The views expressed are those of the author and do not necessarily reflect the views of ASPA as an organization.

By Peter Lyn René
December 16, 2016

The Commerce Clause states that Congress has power to specify rules to govern the manner by which people may exchange or trade goods from one state to another, to remove obstructions to domestic trade erected by states, and to both regulate and restrict the flow of goods to and from other nations (and the Indian tribes) for the purpose of promoting the domestic economy and foreign trade. Cases decided specifically based on the Commerce Clause are rare, few and far between. Before its being the chief component of Chief Justice John Roberts decision to uphold the Affordable Care Act (ACA) as constitutional, it was in 1995’s United States v Lopez that the clause came up in any legal decision by the court. In National Federation of Independent Business v. Sebelius, the Supreme Court decided, anchored by the Commerce Clause, that the ACA was constitutional because the mandate was a tax. Since it was in Congress’s powers to levy taxes, the ACA was, in fact, constitutional. Under the mandate, if an individual does not buy health insurance, the only consequence is that they must make an additional payment to the IRS when they pay their taxes. How did a benign public policy aimed at providing health care to millions of uninsured Americans end up in the Supreme Court and ultimately rescued by the obscure Commerce Clause?

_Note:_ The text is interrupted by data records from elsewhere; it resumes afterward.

lemma not_root_vdiff_beta_mixed:
  assumes "1 \<le> b" "b \<le> a" "5 \<le> a * b \<or> a = 2 \<and> b = 2" "\<not> (b = 1 \<and> j = 1 \<and> k = 0)"
  shows "\<not> is_root a b (vdiff (beta a b 1 j) (beta a b 2 k))"
proof
  let ?v = "vdiff (beta a b 1 j) (beta a b 2 k)"
  assume "is_root a b ?v"
  then have "qf a b ?v \<le> 0 \<or> qf a b ?v = a \<or> qf a b ?v = b"
    using qf_root_cases[of a b ?v] assms(1,2) by simp
  moreover have "a < qf a b ?v" using qf_vdiff_beta_mixed_gt[of a b j k] assms by simp
  ultimately show False using assms(1,2) by linarith
qed

lemma root_vdiff_beta_mixed_iff:
  assumes "5 \<le> a"
  shows "(is_root a 1 (vdiff (beta a 1 1 j) (beta a 1 2 k)) \<longleftrightarrow> real_root a 1 (vdiff (beta a 1 1 j) (beta a 1 2 k)))
    \<and> (real_root a 1 (vdiff (beta a 1 1 j) (beta a 1 2 k)) \<longleftrightarrow> j = 1 \<and> k = 0)"
proof (cases "j = 1 \<and> k = 0")
  case True
  have "vdiff (beta a 1 1 1) (beta a 1 2 0) = (0, 1)"
    by (simp add: beta_def cseq_def dseq_def vdiff_def numeral_eq_Suc)
  moreover have "(0, 1) \<in> weyl_orbit a 1 {(1, 0), (0, 1)}" by (simp add: weyl_orbit.base)
  ultimately show ?thesis
    using True assms inv_form_pos_iff[of 1 a "(0, 1)"]
    by (simp add: real_root_def is_root_def root_system_def qf_def)
next
  case False
  then show ?thesis using not_root_vdiff_beta_mixed[of 1 a j k] assms by (simp add: real_root_def)
qed

theorem proposition3p7:
  fixes a b :: int
  assumes "a \<ge> b" and "b \<ge> 1" and "b \<ge> 2 \<or> (b = 1 \<and> a \<ge> 5)"
  shows
    "(b \<ge> 2 \<longrightarrow>
        (\<forall>i\<in>{1, 2}. \<forall>j k. j \<noteq> k \<longrightarrow> imag_root a b (vdiff (beta a b i j) (beta a b i k)))
      \<and> (\<forall>j k. \<not> is_root a b (vdiff (beta a b 1 j) (beta a b 2 k))))
   \<and> (b = 1 \<and> a \<ge> 5 \<longrightarrow>
        (\<forall>i\<in>{1, 2}. \<forall>j k. \<bar>int j - int k\<bar> > 1 \<longrightarrow> imag_root a b (vdiff (beta a b i j) (beta a b i k)))
      \<and> (\<forall>i\<in>{1, 2}. \<forall>j. real_root a b (vdiff (beta a b i j) (beta a b i (j + 1))))
      \<and> (\<forall>j k. (is_root a b (vdiff (beta a b 1 j) (beta a b 2 k))
                  \<longleftrightarrow> real_root a b (vdiff (beta a b 1 j) (beta a b 2 k)))
               \<and> (real_root a b (vdiff (beta a b 1 j) (beta a b 2 k)) \<longleftrightarrow> j = 1 \<and> k = 0)))
   \<and> (\<forall>i\<in>{1, 2}. \<forall>j k. j \<noteq> k \<longrightarrow> is_root a b (vdiff (beta a b i j) (beta a b i k)))"
proof -
  have a: "1 \<le> a" using assms(1,2) by simp
  note type = hyperbolic_or_affine_A11[OF assms]
  note imag = imag_root_vdiff_beta[OF a assms(2) type]
  show ?thesis
  proof (intro conjI impI ballI allI)
    fix i j k :: nat assume "2 \<le> b" "i \<in> {1, 2}" "j \<noteq> k"
    then show "imag_root a b (vdiff (beta a b i j) (beta a b i k))" using imag assms(1) by simp
  next
    fix j k :: nat assume "2 \<le> b"
    then show "\<not> is_root a b (vdiff (beta a b 1 j) (beta a b 2 k))"
      using not_root_vdiff_beta_mixed[OF assms(2,1) type] by simp
  next
    fix i j k :: nat assume "i \<in> {1, 2}" "1 < \<bar>int j - int k\<bar>"
    then show "imag_root a b (vdiff (beta a b i j) (beta a b i k))" using imag by simp
  next
    fix i j :: nat assume "b = 1 \<and> 5 \<le> a" "i \<in> {1, 2}"
    then show "real_root a b (vdiff (beta a b i j) (beta a b i (j + 1)))"
      using real_root_vdiff_beta[OF a] by simp
  next
    fix j k :: nat assume "b = 1 \<and> 5 \<le> a"
    then show "is_root a b (vdiff (beta a b 1 j) (beta a b 2 k))
        \<longleftrightarrow> real_root a b (vdiff (beta a b 1 j) (beta a b 2 k))"
      "real_root a b (vdiff (beta a b 1 j) (beta a b 2 k)) \<longleftrightarrow> j = 1 \<and> k = 0"
      using root_vdiff_beta_mixed_iff[of a j k] by simp_all
  qed (rule is_root_vdiff_beta[OF assms(2,1) type])
qed

end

On January 25, 2007, presidential candidate Senator Barack Obama said, “The time had come for universal health care.” In his speech addressing the Families USA Conference, Washington, D.C., the Senator said: “In the 2008 campaign, affordable, universal health care for every single American must not be a question of whether it must be a question of how.” Obama noted the high costs of insurance in our country and revealed that nearly 11 million Americans with insurance spent about a quarter of the earnings on health care in 2006; small businesses, crippled by the high cost of insurance could no longer afford to provide health care to their employees.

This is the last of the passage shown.